━━ DATA EXTRACT

lemma burau_delta_shift_rank_one_form:
  assumes "n \<ge> 2"
  shows "shift_rank_one_form n (burau_delta n q) q 1 (\<lambda>r. if r = 0 then 1 - q else 0)"
proof -
  have "burau_delta n q = burau_tail_prod n q 1"
    unfolding burau_delta_def using assms by (intro foldr_burau_gen_eq_tail_prod) auto
  thus ?thesis
    using assms unfolding shift_rank_one_form_def
    by (auto simp: burau_tail_prod_def cyc_shift_def int_add_one_mod)
qed

lemma burau_delta_inv_shift_rank_one_form:
  assumes "n \<ge> 2"
  shows "shift_rank_one_form n (burau_delta_inv n q) (inverse q) (-1)
           (\<lambda>r. if r = n - 1 then 1 - inverse q else 0)"
proof -
  have "burau_delta_inv n q = burau_inv_head_prod n q n"
    unfolding burau_delta_inv_def using assms by (intro foldr_burau_gen_inv_eq_inv_head_prod) auto
  thus ?thesis
    using assms unfolding shift_rank_one_form_def
    by (auto simp: burau_inv_head_prod_def cyc_shift_def int_diff_one_mod)
qed

lemma burau_sigma_shift_rank_one_form:
  assumes "n \<ge> 2"
  shows "\<exists>u. shift_rank_one_form n (burau_sigma n m q) (q powi m) m u"
proof (cases "0 \<le> m")
  case True
  obtain u where "shift_rank_one_form n (burau_delta n q ^\<^sub>m nat m) (q ^ nat m) (int (nat m) * 1) u"
    using shift_rank_one_form_pow[OF burau_delta_shift_rank_one_form[OF assms]] assms by fastforce
  thus ?thesis using True unfolding burau_sigma_def power_int_def by auto
next
  case False
  obtain u where "shift_rank_one_form n (burau_delta_inv n q ^\<^sub>m nat (- m))
      (inverse q ^ nat (- m)) (int (nat (- m)) * (- 1)) u"
    using shift_rank_one_form_pow[OF burau_delta_inv_shift_rank_one_form[OF assms]] assms by fastforce
  thus ?thesis using False unfolding burau_sigma_def power_int_def by auto
qed

section \<open>The zeta function\<close>

definition one_minus_shift :: "nat \<Rightarrow> 'a::comm_ring_1 \<Rightarrow> int \<Rightarrow> 'a mat" where
  "one_minus_shift n t k =
     mat n n (\<lambda>(i, j). (if i = j then 1 else 0) - (if cyc_shift n k i j then t else 0))"

lemma mult_mod_permutes:
  assumes n: "n > 0" and k: "coprime k (int n)"
  shows "(\<lambda>i. if i < n then nat ((k * int i) mod int n) else i) permutes {0..<n}"
    (is "?\<sigma> permutes _")
proof -
  have "inj_on ?\<sigma> {0..<n}"
  proof (rule inj_onI)
    fix i j assume "i \<in> {0..<n}" "j \<in> {0..<n}" "?\<sigma> i = ?\<sigma> j"
    hence "[k * int i = k * int j] (mod int n)" and "i < n" "j < n"
      using n by (auto simp: cong_def eq_nat_nat_iff)
    thus "i = j" using cong_mult_lcancel[OF k] by (simp add: cong_def)
  qed
  moreover have "?\<sigma> ` {0..<n} \<subseteq> {0..<n}" using n by (auto simp: nat_less_iff)
  ultimately have "?\<sigma> ` {0..<n} = {0..<n}" by (intro endo_inj_surj) auto
  with \<open>inj_on ?\<sigma> {0..<n}\<close> show ?thesis
    by (intro bij_imp_permutes) (auto simp: bij_betw_def)
qed

text \<open>Relabelling \<open>i \<mapsto> k i mod n\<close> conjugates \<open>P\<close> to \<open>P\<^sup>k\<close>.\<close>
lemma det_one_minus_shift_coprime:
  assumes n: "n > 0" and k: "coprime k (int n)"
  shows "det (one_minus_shift n t k) = det (one_minus_shift n t 1)"
proof -
  define \<sigma> where "\<sigma> i = (if i < n then nat ((k * int i) mod int n) else i)" for i
  have perm: "\<sigma> permutes {0..<n}"
    using mult_mod_permutes[OF n k] unfolding \<sigma>_def[abs_def] .
  have \<sigma>: "\<sigma> i < n" "int (\<sigma> i) = (k * int i) mod int n" if "i < n" for i
    using that n unfolding \<sigma>_def by (simp_all add: nat_less_iff)
  have shift: "cyc_shift n k (\<sigma> i) (\<sigma> j) \<longleftrightarrow> cyc_shift n 1 i j" if i: "i < n" and j: "j < n" for i j
  proof -
    have "((k * int j) mod int n + k) mod int n = (k * (int j + 1)) mod int n"
      by (metis mod_add_left_eq distrib_left mult.right_neutral)
    hence "cyc_shift n k (\<sigma> i) (\<sigma> j) \<longleftrightarrow> [k * int i = k * (int j + 1)] (mod int n)"
      unfolding cyc_shift_def cong_def using \<sigma> i j by simp
    also have "\<dots> \<longleftrightarrow> cyc_shift n 1 i j"
      using cong_mult_lcancel[OF k] i unfolding cyc_shift_def cong_def by simp
    finally show ?thesis .
  qed
  have "mat n n (\<lambda>(i, j). one_minus_shift n t k $$ (\<sigma> i, \<sigma> j)) = one_minus_shift n t 1"
  proof (rule eq_matI)
    fix i j assume "i < dim_row (one_minus_shift n t 1)" "j < dim_col (one_minus_shift n t 1)"
    hence i: "i < n" and j: "j < n" by (auto simp: one_minus_shift_def)
    have "\<sigma> i = \<sigma> j \<longleftrightarrow> i = j" using permutes_inj[OF perm] by (auto dest: injD)
    thus "mat n n (\<lambda>(i, j). one_minus_shift n t k $$ (\<sigma> i, \<sigma> j)) $$ (i, j) = one_minus_shift n t 1 $$ (i, j)"
      using i j \<sigma>(1)[OF i] \<sigma>(1)[OF j] shift[OF i j] by (simp add: one_minus_shift_def)
  qed (auto simp: one_minus_shift_def)
  moreover have "det (mat n n (\<lambda>(i, j). one_minus_shift n t k $$ (\<sigma> i, \<sigma> j))) = det (one_minus_shift n t k)"
    by (rule det_permute_rows_and_cols[OF _ perm]) (simp add: one_minus_shift_def)
  ultimately show ?thesis by simp
qed

lemma sum_pCons_0: "(\<Sum>i\<in>A. [:0, f i:]) = [:0, \<Sum>i\<in>A. f i:]"
  by (induction A rule: infinite_finite_induct) auto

━━━━

* _AIM OF THE TASK_:
What are the lines, exactly as written above, from the line with "i = ?\<sigma>" to the line with "(auto simp: nat_less_iff)", both included? Output only those.

* _PROBLEM SOLUTION_:
    fix i j assume "i \<in> {0..<n}" "j \<in> {0..<n}" "?\<sigma> i = ?\<sigma> j"
    hence "[k * int i = k * int j] (mod int n)" and "i < n" "j < n"
      using n by (auto simp: cong_def eq_nat_nat_iff)
    thus "i = j" using cong_mult_lcancel[OF k] by (simp add: cong_def)
  qed
  moreover have "?\<sigma> ` {0..<n} \<subseteq> {0..<n}" using n by (auto simp: nat_less_iff)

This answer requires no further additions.